ACTIVITY ->
Show every line of the data that contains the string "longleftrightarrow".
DATA SHOWN Block Start
definition proper_efun :: "('a \<Rightarrow> ereal) \<Rightarrow> bool" where
  "proper_efun f \<longleftrightarrow> (\<forall>x. f x \<noteq> -\<infinity>) \<and> (\<exists>x. f x \<noteq> \<infinity>)"

definition edom :: "('a \<Rightarrow> ereal) \<Rightarrow> 'a set" where
  "edom f = {x. f x < \<infinity>}"

definition conj2 :: "('a \<times> 'b \<Rightarrow> ereal) \<Rightarrow> ('a \<Rightarrow> real) \<Rightarrow> ('b \<Rightarrow> real) \<Rightarrow> ereal" where
  "conj2 f xs ys = (SUP p. ereal (xs (fst p) + ys (snd p)) - f p)"

end

theory Submission
  imports Defs
begin

text \<open>
  The inequality \<open>\<le>\<close> is elementary: any splitting \<open>x\<^sup>* = x\<^sub>1\<^sup>* + x\<^sub>2\<^sup>*\<close>
  gives \<open>\<langle>x,x\<^sup>*\<rangle> + \<langle>y,y\<^sup>*\<rangle> - \<rho>(x,y) \<le> \<phi>\<^sub>1\<^sup>*(x\<^sub>1\<^sup>*,y\<^sup>*) + \<phi>\<^sub>2\<^sup>*(x\<^sub>2\<^sup>*,y\<^sup>*)\<close>.
  For the reverse, let \<open>\<alpha> = \<rho>\<^sup>*(x\<^sup>*,y\<^sup>*)\<close> be finite and consider in \<open>E \<times> \<real>\<close>
  \<open>A = {(x,t). \<exists>y. \<phi>\<^sub>1(x,y) < t + \<langle>x,x\<^sup>*\<rangle> + \<langle>y,y\<^sup>*\<rangle> - \<alpha>}\<close> and
  \<open>B = {(x,t). \<exists>y. \<phi>\<^sub>2(x,y) < \<langle>y,y\<^sup>*\<rangle> - t}\<close>.
  Both are convex, they are disjoint by the definition of \<open>\<alpha>\<close>, \<open>A\<close> contains a vertical ray over \<open>x\<^sub>0\<close>, and
  continuity of \<open>\<phi>\<^sub>2(\<cdot>,y\<^sub>0)\<close> at \<open>x\<^sub>0\<close> puts a box \<open>U \<times> (-\<infinity>,t\<^sub>1)\<close> into \<open>B\<close>.
  Separating \<open>A\<close> and \<open>B\<close> with the Minkowski gauge of \<open>B - A\<close> gives a hyperplane
  \<open>\<lambda>(x) + t = \<beta>\<close> which is not vertical and whose slope \<open>\<lambda>\<close> is continuous, being bounded above on
  \<open>U - x\<^sub>0\<close>; then \<open>x\<^sub>1\<^sup>* = x\<^sup>* - \<lambda>\<close>, \<open>x\<^sub>2\<^sup>* = \<lambda>\<close> attain the bound \<open>\<alpha>\<close>.
  Hahn--Banach is obtained algebraically: by Zorn's lemma there is a minimal sublinear functional
  below the gauge, and minimal sublinear functionals are linear.
\<close>

section \<open>Sublinear functionals and the Hahn--Banach theorem\<close>

definition sublinear :: "('v::real_vector \<Rightarrow> real) \<Rightarrow> bool" where
  "sublinear q \<longleftrightarrow> (\<forall>x y. q (x + y) \<le> q x + q y) \<and> (\<forall>t x. 0 \<le> t \<longrightarrow> q (t *\<^sub>R x) = t * q x)"

lemma sublinear_add: "sublinear q \<Longrightarrow> q (x + y) \<le> q x + q y"
  unfolding sublinear_def by blast

lemma sublinear_scaleR: "sublinear q \<Longrightarrow> 0 \<le> t \<Longrightarrow> q (t *\<^sub>R x) = t * q x"
  unfolding sublinear_def by blast

lemma sublinear_0: "sublinear q \<Longrightarrow> q 0 = 0"
  using sublinear_scaleR[of q 0 0] by simp

lemma sublinear_neg_le: "sublinear q \<Longrightarrow> - q (- x) \<le> q x"
  using sublinear_add[of q x "- x"] sublinear_0[of q] by simp

lemma cInf_mult_left:
  fixes X :: "real set"
  assumes "X \<noteq> {}" "bdd_below X" "0 < t"
  shows "Inf ((*) t ` X) = t * Inf X"
proof -
  have "mono ((*) t)"
    using assms(3) by (auto intro: monoI mult_left_mono)
  then show ?thesis
    using continuous_at_Inf_mono[of "(*) t" X] assms(1,2) by (simp add: continuous_intros)
qed

text \<open>Lowering \<open>q\<close> along the ray through \<open>a\<close> keeps it sublinear; a minimal sublinear
  functional is fixed by this operation, which makes it linear.\<close>
definition ray_inf :: "('v::real_vector \<Rightarrow> real) \<Rightarrow> 'v \<Rightarrow> real \<Rightarrow> 'v \<Rightarrow> real" where
  "ray_inf q a c x = (INF t\<in>{0..}. q (x + t *\<^sub>R a) - t * c)"

context
  fixes q :: "'v::real_vector \<Rightarrow> real" and a c
  assumes q: "sublinear q" and c: "c \<le> q a"
begin

lemma bdd_below_ray_inf:
  "bdd_below ((\<lambda>t. q (x + t *\<^sub>R a) - t * c) ` {0..})"
proof (rule bdd_belowI2)
  fix t :: real assume "t \<in> {0..}"
  then have "q (t *\<^sub>R a) \<le> q (x + t *\<^sub>R a) + q (- x)" and "t * c \<le> q (t *\<^sub>R a)"
    using sublinear_add[OF q, of "x + t *\<^sub>R a" "- x"] sublinear_scaleR[OF q] c
    by (auto simp: mult_left_mono)
  then show "- q (- x) \<le> q (x + t *\<^sub>R a) - t * c" by linarith
qed

lemma ray_inf_le: "0 \<le> t \<Longrightarrow> ray_inf q a c x \<le> q (x + t *\<^sub>R a) - t * c"
  unfolding ray_inf_def by (rule cInf_lower[OF _ bdd_below_ray_inf]) auto

lemma ray_inf_greatest:
  "(\<And>t. 0 \<le> t \<Longrightarrow> y \<le> q (x + t *\<^sub>R a) - t * c) \<Longrightarrow> y \<le> ray_inf q a c x"
  unfolding ray_inf_def by (rule cInf_greatest) auto

lemma ray_inf_add: "ray_inf q a c (x + y) \<le> ray_inf q a c x + ray_inf q a c y"
proof -
  have "ray_inf q a c (x + y) - (q (y + t2 *\<^sub>R a) - t2 * c) \<le> ray_inf q a c x"
    if t2: "0 \<le> t2" for t2
  proof (rule ray_inf_greatest)
    fix t1 :: real assume t1: "0 \<le> t1"
    have "ray_inf q a c (x + y) \<le> q ((x + t1 *\<^sub>R a) + (y + t2 *\<^sub>R a)) - (t1 + t2) * c"
      using ray_inf_le[of "t1 + t2" "x + y"] t1 t2 by (simp add: algebra_simps)
    then show "ray_inf q a c (x + y) - (q (y + t2 *\<^sub>R a) - t2 * c) \<le> q (x + t1 *\<^sub>R a) - t1 * c"
      using sublinear_add[OF q, of "x + t1 *\<^sub>R a" "y + t2 *\<^sub>R a"] by (simp add: algebra_simps)
  qed
  then have "ray_inf q a c (x + y) - ray_inf q a c x \<le> ray_inf q a c y"
    by (intro ray_inf_greatest) (simp add: algebra_simps)
  then show ?thesis by simp
qed

lemma ray_inf_scaleR: "0 \<le> s \<Longrightarrow> ray_inf q a c (s *\<^sub>R x) = s * ray_inf q a c x"
proof (cases "s = 0")
  case True
  have "ray_inf q a c 0 = 0"
    unfolding ray_inf_def
  proof (rule cInf_eq_minimum)
    show "0 \<in> (\<lambda>t. q (0 + t *\<^sub>R a) - t * c) ` {0..}"
      using sublinear_0[OF q] by (auto intro!: image_eqI[of _ _ 0])
    show "0 \<le> y" if "y \<in> (\<lambda>t. q (0 + t *\<^sub>R a) - t * c) ` {0..}" for y
      using that sublinear_scaleR[OF q] c by (auto simp: mult_left_mono)
  qed
  then show ?thesis using True by simp
next
  case False
  assume "0 \<le> s"
  with False have s: "0 < s" by simp
  have "{0::real..} = (*) s ` {0..}"
    using s by (auto simp: image_iff intro!: bexI[of _ "_ / s"])
  moreover have "q (s *\<^sub>R x + (s * t) *\<^sub>R a) - (s * t) * c = s * (q (x + t *\<^sub>R a) - t * c)" for t
    using sublinear_scaleR[OF q, of s "x + t *\<^sub>R a"] s by (simp add: scaleR_add_right algebra_simps)
  ultimately have "(\<lambda>t. q (s *\<^sub>R x + t *\<^sub>R a) - t * c) ` {0..}
      = (*) s ` ((\<lambda>t. q (x + t *\<^sub>R a) - t * c) ` {0..})"
    by (metis (no_types, lifting) image_image image_cong)
  then show ?thesis
    unfolding ray_inf_def using cInf_mult_left[OF _ bdd_below_ray_inf s] by simp
qed

lemma sublinear_ray_inf: "sublinear (ray_inf q a c)"
  unfolding sublinear_def using ray_inf_add ray_inf_scaleR by blast

end

lemma sublinear_linearI:
  fixes m :: "'v::real_vector \<Rightarrow> real"
  assumes m: "sublinear m" and super: "\<And>x a. m x \<le> m (x + a) - m a"
  shows "linear m"
proof -
  have add: "m (x + y) = m x + m y" for x y
    using super[of x y] sublinear_add[OF m, of x y] by simp
  have neg: "m (- x) = - m x" for x
    using add[of x "- x"] sublinear_0[OF m] by simp
  show ?thesis
  proof (rule linearI)
    show "m (r *\<^sub>R x) = r *\<^sub>R m x" for r x
      using sublinear_scaleR[OF m, of r x] sublinear_scaleR[OF m, of "- r" x] neg[of "(- r) *\<^sub>R x"]
      by (cases "0 \<le> r") auto
  qed (rule add)
qed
DATA SHOWN Block End
EXPECTED ANSWER ->
  "proper_efun f \<longleftrightarrow> (\<forall>x. f x \<noteq> -\<infinity>) \<and> (\<exists>x. f x \<noteq> \<infinity>)"
  "sublinear q \<longleftrightarrow> (\<forall>x y. q (x + y) \<le> q x + q y) \<and> (\<forall>t x. 0 \<le> t \<longrightarrow> q (t *\<^sub>R x) = t * q x)"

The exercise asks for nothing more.